Issues ingesting log files with fresh installation

Hello. I'm hoping someone can please help me with an indexing issue that i'm having. I'm working with a fresh setup of ElasticSearch and Kibana. I have everything setup, Kibana loads, I can log in with security, and the status page shows everything in the green. I am now attempting to load logs into ElasticSearch for the first time so that an index can be created. I have an ingest pipeline all setup and an index template loaded. Upon trying to load a log file into Elastic, I'm seeing this error quite frequently in my elastic log:

[2020-05-20T14:49:01,948][INFO ][o.e.a.b.TransportShardBulkAction] [logs-node-1] [2020-05-18][0] mapping update rejected by primary
java.lang.IllegalArgumentException: mapper [source.geo.location] of different type, current_type [geo_point], merged_type [ObjectMapper]

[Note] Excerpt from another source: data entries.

(* For all $m,n,p\in\frac1T\mathbb N$ and $a\in V$, $\mathbf 1*^T_{n,p,m}a=\delta_{n,p}\,a$.
   Context: Throughout, $T$ is a positive integer and $V$ is a vertex algebra (vertex operator $Y(a,x)=\sum_{i\in\mathbb Z}a_ix^{-i-1}$, vacuum $\mathbf 1$) with a grading $V=\bigoplus_{i\ge\Delta}V_i$, $\Delta\in\mathbb Z_{\le0}$, such that $\mathbf 1\in V_0$ and $a_iV_j\subset V_{\mathrm{wt}a-1-i+j}$ for homogeneous $a$ ($\mathrm{wt}\,a=k$ for $a\in V_k$; $V_k=0$ for $k<\Delta$). $\mathbb N=\{0,1,2,\dots\}$. For rationals $i,j$, $\delta(i\le j)$ is $1$ if $i\le j$ and $0$ otherwise. For $i,j\in\frac1T\mathbb Z$, $\langle i-j\rangle$ is the unique integer $r$ with $0\le r\le T-1$ and $i-j-r/T\in\mathbb Z$. $\mathrm{Res}_x$ is the coefficient of $x^{-1}$; $(1+x)^c$ ($c\in\mathbb Q$) is $\sum_{k\ge0}\binom ckx^k$. For $f(z)=\sum_j\lambda_jz^j\in\mathbb C[z,z^{-1}]$ and $a,b\in V$, $f(z)|_{z^j=a_jb}=\sum_j\lambda_ja_jb$. Polynomial subspaces: for $N,q\in\mathbb Z$, $Q\in\mathbb Q$, $O(N,Q,q;z)\subset\mathbb C[z,z^{-1}]$ is spanned by $z^i$ ($i\ge N+1$) and $\sum_{i=0}^{N-q-j}\binom Qiz^{i+q+j}$ ($j=0,-1,-2,\dots$). For $m=l_1+i_1/T$, $n=l_3+i_3/T\in\frac1T\mathbb N$ ($l_1,l_3\in\mathbb N$, $0\le i_1,i_3\le T-1$), $\alpha,\beta\in\mathbb Z$, $s\in\{0,\dots,T-1\}$: $\mathcal O^{T,s}_{n,m}(\alpha,\beta;z)=O(\alpha+\beta-1-\Delta,\ \alpha-1+l_1+\delta(s\le i_1)+s/T,\ -l_1-l_3-\delta(s\le i_1)-\delta(T\le s+i_3)-1;z)$, and $\mathcal O^T_{n,m}(\alpha,\beta;z)=\bigcap_s\mathcal O^{T,s}_{n,m}(\alpha,\beta;z)$. Idempotent polynomials: put $N=\alpha+\beta-1-\Delta$ and $D=N+l_1+l_3+3$. For $r\in\{0,\dots,T-1\}$ and $i\in\mathbb Z$, $e^{T,r}_{n,m}(\alpha,\beta,i;z)=0$ if $i\ge N+1$ or $D\le0$; otherwise it is the unique Laurent polynomial in $\mathrm{span}\{z^k:N+1-TD\le k\le N\}$ with $e^{T,r}_{n,m}(\alpha,\beta,i;z)\equiv\delta_{r,s}z^i$ modulo $O(N,\alpha-1+l_1+\delta(s\le i_1)+s/T,-l_1-l_3-3;z)$ for every $s\in\{0,\dots,T-1\}$. Product: for $p=l_2+i_2/T\in\frac1T\mathbb N$ ($l_2\in\mathbb N$, $0\le i_2\le T-1$), let $r=\langle p-n\rangle$, $\mu=l_2-l_1-l_3-\delta(r\le i_1)-\delta(T\le r+i_3)$, and $P^T_{n,p,m}(\alpha,\beta;z)=\sum_{i=0}^{l_2}\binom{\mu}{i}\mathrm{Res}_x\Big((1+x)^{\alpha-1+l_1+\delta(r\le i_1)+r/T}x^{\mu-i}\sum_{j\in\mathbb Z}e^{T,r}_{n,m}(\alpha,\beta,j;z)x^{-j-1}\Big)$. For homogeneous $a,b\in V$, $a*^T_{n,p,m}b=P^T_{n,p,m}(\mathrm{wt}\,a,\mathrm{wt}\,b;z)|_{z^j=a_jb}$, extended bilinearly to all of $V$. *)

theory Defs
  imports Complex_Main
begin
lemma k_clique_pullback_le:
  assumes inj: "inj_on f {0..<n}" and img: "f ` {0..<n} \<subseteq> {0..<N}"
  shows "k_clique n (pullback f n E) t \<le> k_clique N E t"
proof -
  have "image f ` cliques n (pullback f n E) t \<subseteq> cliques N E t"
    using img card_image[OF inj_on_subset[OF inj]] pullback_pairwise_iff(1)[OF inj]
    by (fastforce simp: cliques_def)
  moreover have "inj_on (image f) (cliques n (pullback f n E) t)"
    by (rule inj_on_subset[OF inj_on_image_Pow[OF inj]]) (auto simp: cliques_def)
  ultimately have "card (cliques n (pullback f n E) t) \<le> card (cliques N E t)"
    by (intro card_inj_on_le finite_cliques)
  then show ?thesis by (simp add: k_clique_eq_card)
qed

lemma k_indep_pullback:
  assumes inj: "inj_on f {0..<n}" and img: "f ` {0..<n} \<subseteq> {0..<N}"
  shows "k_indep n (pullback f n E) s = card {T \<in> indep_sets N E s. T \<subseteq> f ` {0..<n}}"
proof -
  have "image f ` indep_sets n (pullback f n E) s = {T \<in> indep_sets N E s. T \<subseteq> f ` {0..<n}}"
  proof (intro equalityI subsetI)
    fix T assume "T \<in> image f ` indep_sets n (pullback f n E) s"
    then show "T \<in> {T \<in> indep_sets N E s. T \<subseteq> f ` {0..<n}}"
      using img card_image[OF inj_on_subset[OF inj]] pullback_pairwise_iff(2)[OF inj]
      by (fastforce simp: indep_sets_def)
  next
    fix T assume T: "T \<in> {T \<in> indep_sets N E s. T \<subseteq> f ` {0..<n}}"
    define S where "S = {x \<in> {0..<n}. f x \<in> T}"
    have "S \<subseteq> {0..<n}" and "f ` S = T" using T by (auto simp: S_def)
    then have "S \<in> indep_sets n (pullback f n E) s"
      using T card_image[OF inj_on_subset[OF inj]] pullback_pairwise_iff(2)[OF inj]
      by (auto simp: indep_sets_def)
    then show "T \<in> image f ` indep_sets n (pullback f n E) s" using \<open>f ` S = T\<close> by blast
  qed
  moreover have "inj_on (image f) (indep_sets n (pullback f n E) s)"
    by (rule inj_on_subset[OF inj_on_image_Pow[OF inj]]) (auto simp: indep_sets_def)
  ultimately show ?thesis by (metis card_image k_indep_eq_card)
qed
(* Let $p\in[0,1]$, $\lambda\in(0,1)$, let $E$ be a linear subspace of $\mathbb R^n$, let $A,C$ be origin-symmetric convex bodies in $E$ and $B,D$ origin-symmetric convex bodies in $E^\perp$. Then $$(1-\lambda)\cdot(A+B)+_p\lambda\cdot(C+D)=\big((1-\lambda)\cdot A+_p\lambda\cdot C\big)+\big((1-\lambda)\cdot B+_p\lambda\cdot D\big),$$ where on the left the $L_p$-combination is taken in $\mathbb R^n$, and on the right $(1-\lambda)\cdot A+_p\lambda\cdot C$ and $(1-\lambda)\cdot B+_p\lambda\cdot D$ denote the $L_p$-combinations in $E$ and $E^\perp$ respectively.
   Context: A convex body in a Euclidean space $F$ is a compact convex subset of $F$ with nonempty interior in $F$; $h_K(x)=\max_{y\in K}\langle x,y\rangle$. For a continuous $f$ on the unit sphere of $F$ with positive values, $W(f)$ is the largest convex body in $F$ whose support function is $\le f$ on that sphere. For convex bodies $K,L$ in $F$ containing the origin in their interior, $(1-\lambda)\cdot K+_p\lambda\cdot L:=W\big(((1-\lambda)h_K^p+\lambda h_L^p)^{1/p}\big)$ for $p\neq0$ and $W(h_K^{1-\lambda}h_L^\lambda)$ for $p=0$. $A+B$ denotes the Minkowski sum. *)

theory Defs
  imports "HOL-Analysis.Analysis"
begin

definition convex_body_in :: "(real^'n) set \<Rightarrow> (real^'n) set \<Rightarrow> bool" where
  "convex_body_in F K \<longleftrightarrow> compact K \<and> convex K \<and> K \<subseteq> F \<and>
     (\<exists>U. openin (top_of_set F) U \<and> U \<noteq> {} \<and> U \<subseteq> K)"

definition origin_symmetric :: "(real^'n) set \<Rightarrow> bool" where
  "origin_symmetric K \<longleftrightarrow> (\<forall>x\<in>K. - x \<in> K)"

definition supp :: "(real^'n) set \<Rightarrow> real^'n \<Rightarrow> real" where
  "supp K x = Sup ((\<lambda>y. x \<bullet> y) ` K)"

definition unit_sphere_in :: "(real^'n) set \<Rightarrow> (real^'n) set" where
  "unit_sphere_in F = {u \<in> F. norm u = 1}"

definition Wulff :: "(real^'n) set \<Rightarrow> (real^'n \<Rightarrow> real) \<Rightarrow> (real^'n) set" where
  "Wulff F f = (THE K. convex_body_in F K \<and> (\<forall>u\<in>unit_sphere_in F. supp K u \<le> f u) \<and>
      (\<forall>L. convex_body_in F L \<and> (\<forall>u\<in>unit_sphere_in F. supp L u \<le> f u) \<longrightarrow> L \<subseteq> K))"

definition Lp_comb :: "(real^'n) set \<Rightarrow> real \<Rightarrow> real \<Rightarrow> (real^'n) set \<Rightarrow> (real^'n) set \<Rightarrow> (real^'n) set" where
  "Lp_comb F p t K L =
     (if p = 0 then Wulff F (\<lambda>u. supp K u powr (1 - t) * supp L u powr t)
      else Wulff F (\<lambda>u. ((1 - t) * supp K u powr p + t * supp L u powr p) powr (1 / p)))"

definition minkowski_sum :: "(real^'n) set \<Rightarrow> (real^'n) set \<Rightarrow> (real^'n) set" where
  "minkowski_sum A B = {a + b | a b. a \<in> A \<and> b \<in> B}"

end

theory Submission
  imports Defs
begin

(*
  Both sides are intersections of half-spaces.  If f is bounded between positive constants on
  the unit sphere of a subspace F, then W(f) is the set of x in F with u . x <= f u for all unit
  vectors u of F, and when f is positively homogeneous the constraint may be imposed for all
  u in F.  The L_p combination of K and L is W of the p-mean M_p(h_K, h_L), which is
  homogeneous.  Writing u = v + w with v in E and w in E^perp, we have
  h_(A+B)(v + w) = h_A(v) + h_B(w); restricted to E and to E^perp the constraints of the left
  side are exactly those of the two summands on the right.  Conversely, adding the constraints
  of the summands at v and at w gives the constraint at v + w, because M_p is superadditive for
  p <= 1, a reverse Minkowski inequality that reduces to Hoelder's inequality.
*)

definition power_mean :: "real \<Rightarrow> real \<Rightarrow> real \<Rightarrow> real \<Rightarrow> real" where
  "power_mean p t x y =
     (if p = 0 then x powr (1 - t) * y powr t
      else ((1 - t) * x powr p + t * y powr p) powr (1 / p))"

lemma Lp_comb_eq_Wulff_power_mean:
  "Lp_comb F p t K L = Wulff F (\<lambda>u. power_mean p t (supp K u) (supp L u))"
  unfolding Lp_comb_def power_mean_def by simp

lemma power_mean_nonneg: "0 \<le> power_mean p t x y"
  unfolding power_mean_def by simp

lemma power_mean_idem:
  assumes "0 \<le> x" shows "power_mean p t x x = x"
proof (cases "x = 0")
  case False
  then show ?thesis
    using assms by (simp add: power_mean_def powr_powr algebra_simps flip: powr_add)
qed (simp add: power_mean_def)

lemma power_mean_pos:
  assumes "0 < x" "0 < y" "0 \<le> t" "t \<le> 1" shows "0 < power_mean p t x y"
proof -
  have "0 < (1 - t) * x powr p + t * y powr p"
    using assms by (cases "t = 0") (auto intro: add_nonneg_pos add_pos_nonneg)
  then show ?thesis using assms unfolding power_mean_def by auto
qed

lemma power_mean_mono:
  assumes "0 \<le> p" "0 \<le> t" "t \<le> 1" "0 \<le> x" "x \<le> x'" "0 \<le> y" "y \<le> y'"
  shows "power_mean p t x y \<le> power_mean p t x' y'"
  using assms unfolding power_mean_def
  by (auto intro!: mult_mono powr_mono2 add_mono mult_left_mono)

lemma power_mean_mult:
  assumes "0 < c"
  shows "power_mean p t (c * x) (c * y) = c * power_mean p t x y"
proof (cases "p = 0")
  case True
  have "c powr (1 - t) * c powr t = c" using assms by (simp flip: powr_add)
  then show ?thesis using True by (simp add: power_mean_def powr_mult algebra_simps)
next
  case False
  have "(1 - t) * (c * x) powr p + t * (c * y) powr p
      = c powr p * ((1 - t) * x powr p + t * y powr p)"
    by (simp add: powr_mult algebra_simps)
  moreover have "(c powr p) powr (1 / p) = c" using False assms by (simp add: powr_powr)
  ultimately show ?thesis using False by (simp add: power_mean_def powr_mult)
qed

lemma Hoelder_inequality_two_terms:
  fixes a b c d \<alpha> :: real
  assumes "0 \<le> \<alpha>" "\<alpha> \<le> 1" "0 < a" "0 < b" "0 < c" "0 < d"
  shows "a powr (1 - \<alpha>) * c powr \<alpha> + b powr (1 - \<alpha>) * d powr \<alpha>
     \<le> (a + b) powr (1 - \<alpha>) * (c + d) powr \<alpha>"
proof -
  define X Y where "X = a + b" and "Y = c + d"
  have XY: "0 < X" "0 < Y" using assms by (auto simp: X_def Y_def)
  have "(a/X) powr (1 - \<alpha>) * (c/Y) powr \<alpha> + (b/X) powr (1 - \<alpha>) * (d/Y) powr \<alpha>
      \<le> ((1 - \<alpha>) * (a/X) + \<alpha> * (c/Y)) + ((1 - \<alpha>) * (b/X) + \<alpha> * (d/Y))"
    using assms XY by (intro add_mono Youngs_inequality_0) auto
  also have "\<dots> = (1 - \<alpha>) * ((a + b) / X) + \<alpha> * ((c + d) / Y)"
    by (simp add: algebra_simps add_divide_distrib)
  also have "\<dots> = 1" using XY by (simp add: X_def Y_def)
  finally have "(a powr (1 - \<alpha>) * c powr \<alpha> + b powr (1 - \<alpha>) * d powr \<alpha>)
      / (X powr (1 - \<alpha>) * Y powr \<alpha>) \<le> 1"
    using assms XY by (simp add: powr_divide add_divide_distrib)
  then show ?thesis using XY by (simp add: X_def Y_def divide_le_eq)
qed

Not sure if this is a show stopper issue, but an index isn't getting created thus far and this is the only error that I see.

Here is part of my ingest pipeline where this is defined:

{
          "geoip": {
            "field": "ClientIP",
            "target_field": "source.geo",
            "properties": [
              "ip",
              "country_name",
              "continent_name",
              "region_iso_code",
              "region_name",
              "city_name",
              "timezone",
              "location"
            ]
          }
        }

And here is part of my relevant index template:

"source.geo": {
        "properties": {
           "ip": {
              "type": "ip"
           },
           "postal_code": {
              "type": "keyword"
           },
           "location": {
              "type": "geo_point"
           },

My inbound log file has a "ClientIP" field that should be triggering this. Any ideas as to why the data type of "geo_point" is having issues here? Please let me know if you need any additional information to assist me with this. Thanks in advance!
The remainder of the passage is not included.